In any case, I'm glad you enjoyed it, Laurie.
Julia, thanks for posting. I'm glad you enjoyed the ending, too.
Tank said:
Very ingenious solution. I'm impressed.
Thank you! That's very gratifying to hear, especially considering that you've come up with some pretty impressive stuff, yourself.
lol on your comments about the writers.
As for the revelation, I've always preferred that type. I've written a couple like that before. I didn't realize there was a trend. Hey, maybe I managed to start it!
I just don't like things to be too drawn out. Sure, there's a lot of confusion and some hurt from the lies (which were hurting Clark, too, btw), but the bottom line is that they love each other and now there's no one in the way of that. As an added bonus, Lois gets Superman along with Clark. I don't think Lois should be extatic (though I did write one like that once, just to be silly), but I never thought it was cause for days of anger and rejection, either. Something in the middle is good, like we saw in TF. She was angry, but she got over it (in a few hours or slightly over a century, depending on how you look at it...).

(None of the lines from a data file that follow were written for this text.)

lemma sum_gbrw_P_unexcited:
  assumes "finite Vs" "x \<notin> X"
  shows "(\<Sum>z\<in>Vs. gbrw_P Vs E b X nxt x z * g z)
           = (\<Sum>z\<in>nbrs Vs E x. g z) / card (nbrs Vs E x)"
proof -
  have "nbrs Vs E x \<subseteq> Vs"
    by (auto simp: nbrs_def)
  have "(\<Sum>z\<in>Vs. gbrw_P Vs E b X nxt x z * g z)
          = (\<Sum>z\<in>Vs. if z \<in> nbrs Vs E x then g z / card (nbrs Vs E x) else 0)"
    using assms by (intro sum.cong) (auto simp: gbrw_P_def)
  also have "\<dots> = (\<Sum>z\<in>nbrs Vs E x. g z / card (nbrs Vs E x))"
    using \<open>nbrs Vs E x \<subseteq> Vs\<close> assms by (simp add: sum.If_cases Int_absorb1)
  also have "\<dots> = (\<Sum>z\<in>nbrs Vs E x. g z) / card (nbrs Vs E x)"
    by (simp add: sum_divide_distrib)
  finally show ?thesis .
qed

lemma gdist_le:
  assumes "(x, y) \<in> {(u, w). E u w} ^^ n"
  shows "gdist E x y \<le> n"
  unfolding gdist_def using assms by (rule Least_le)

lemma walk_of_length_gdist:
  assumes "(x, y) \<in> {(u, w). E u w} ^^ n"
  shows "(x, y) \<in> {(u, w). E u w} ^^ gdist E x y"
  unfolding gdist_def using assms by (rule LeastI)

lemma lipschitz_relpow_le:
  fixes h :: "'v \<Rightarrow> nat"
  assumes lip: "\<And>u w. E u w \<Longrightarrow> h u \<le> h w + 1"
  shows "(x, y) \<in> {(u, w). E u w} ^^ n \<Longrightarrow> h x \<le> h y + n"
proof (induction n arbitrary: x)
  case (Suc n)
  from Suc.prems obtain z where "E x z" "(z, y) \<in> {(u, w). E u w} ^^ n"
    by (rule relpow_Suc_E2) auto
  then show ?case
    using Suc.IH lip by fastforce
qed simp

lemma lipschitz_le_gdist:
  fixes h :: "'v \<Rightarrow> nat"
  assumes "\<And>u w. E u w \<Longrightarrow> h u \<le> h w + 1" "(x, y) \<in> {(u, w). E u w} ^^ n"
  shows "h x \<le> h y + gdist E x y"
  using lipschitz_relpow_le[OF assms(1) walk_of_length_gdist[OF assms(2)]] .

section \<open>The graph G_k\<close>

lemma msq_sq_le: "msq k * msq k \<le> k"
proof -
  have "real (msq k) \<le> sqrt (real k)"
    by (simp add: msq_def)
  then have "real (msq k) * real (msq k) \<le> sqrt (real k) * sqrt (real k)"
    by (intro mult_mono) auto
  then have "real (msq k * msq k) \<le> real k"
    by simp
  then show ?thesis
    by linarith
qed

lemma msq_pos:
  assumes "1 \<le> k"
  shows "1 \<le> msq k"
proof -
  have "1 \<le> \<lfloor>sqrt (real k)\<rfloor>"
    using assms by simp
  then show ?thesis
    unfolding msq_def by linarith
qed

lemma Suc_msq_le: "2 \<le> k \<Longrightarrow> Suc (msq k) \<le> k"
proof (cases "msq k \<le> 1")
  case False
  then have "2 * msq k \<le> msq k * msq k"
    by (intro mult_right_mono) auto
  then show ?thesis
    using False msq_sq_le[of k] by linarith
qed simp

lemma mem_Gverts [simp]:
  "A \<in> Gverts k" "B \<in> Gverts k"
  "V i \<in> Gverts k \<longleftrightarrow> 1 \<le> i \<and> i \<le> msq k"
  "W i p t \<in> Gverts k \<longleftrightarrow> 1 \<le> i \<and> i \<le> msq k \<and> 1 \<le> p \<and> p \<le> k \<and> 1 \<le> t \<and> t \<le> i"
  by (auto simp: Gverts_def)

lemma finite_Gverts: "finite (Gverts k)"
proof -
  have "Gverts k \<subseteq> {A, B} \<union> V ` {..msq k}
          \<union> (\<lambda>(i, p, t). W i p t) ` ({..msq k} \<times> {..k} \<times> {..msq k})"
    by (auto simp: Gverts_def image_iff)
  then show ?thesis
    by (rule finite_subset) auto
qed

Anyway, I'll just step off my little soapbox and take a look at what Julie had to say...
Aww.... Paul, that was so beautiful.
Thanks!
The revelation soliloquy/monologue was really touching...
I'm glad you liked it. There was some worry, especially in the first draft, that it would seem boring. Most of it is information the readers already know, even if Lois doesn't. I'd hoped that breaking it up with some introspection would help. I'm glad it worked for you.
Glad you enjoyed the rest, too.
As for the proposal... what else should she have said? It always seemed silly to me that Clark did that in the ep. Actually, I heard that the writers only made him do that because they were having trouble getting the higher-ups to let them move things forward. In any case, it was the wrong time for him to propose, and I think this was a much gentler way to let him know that. That's the way I see things, anyway. (Ha ha! I can ramble better than you can. :p )
Jen, thanks. I'm sorry I made you late for class, but I'm glad you thought it was worth it. <g>
Lauren, thank you! I just can't get enough of comments like yours. I'm glad I made up for that evil teaser, too.
Barb, glad you enjoyed. Thanks for posting. Glad, too, that I didn't interfere with your WIP. We all do tend to go in different directions, don't we? Makes for some pretty cool reads. Good luck with your story.
Merry, thanks for posting. Good luck catching up with everything else. Good to see you around again.
Looks like that's it. Thanks again, everyone!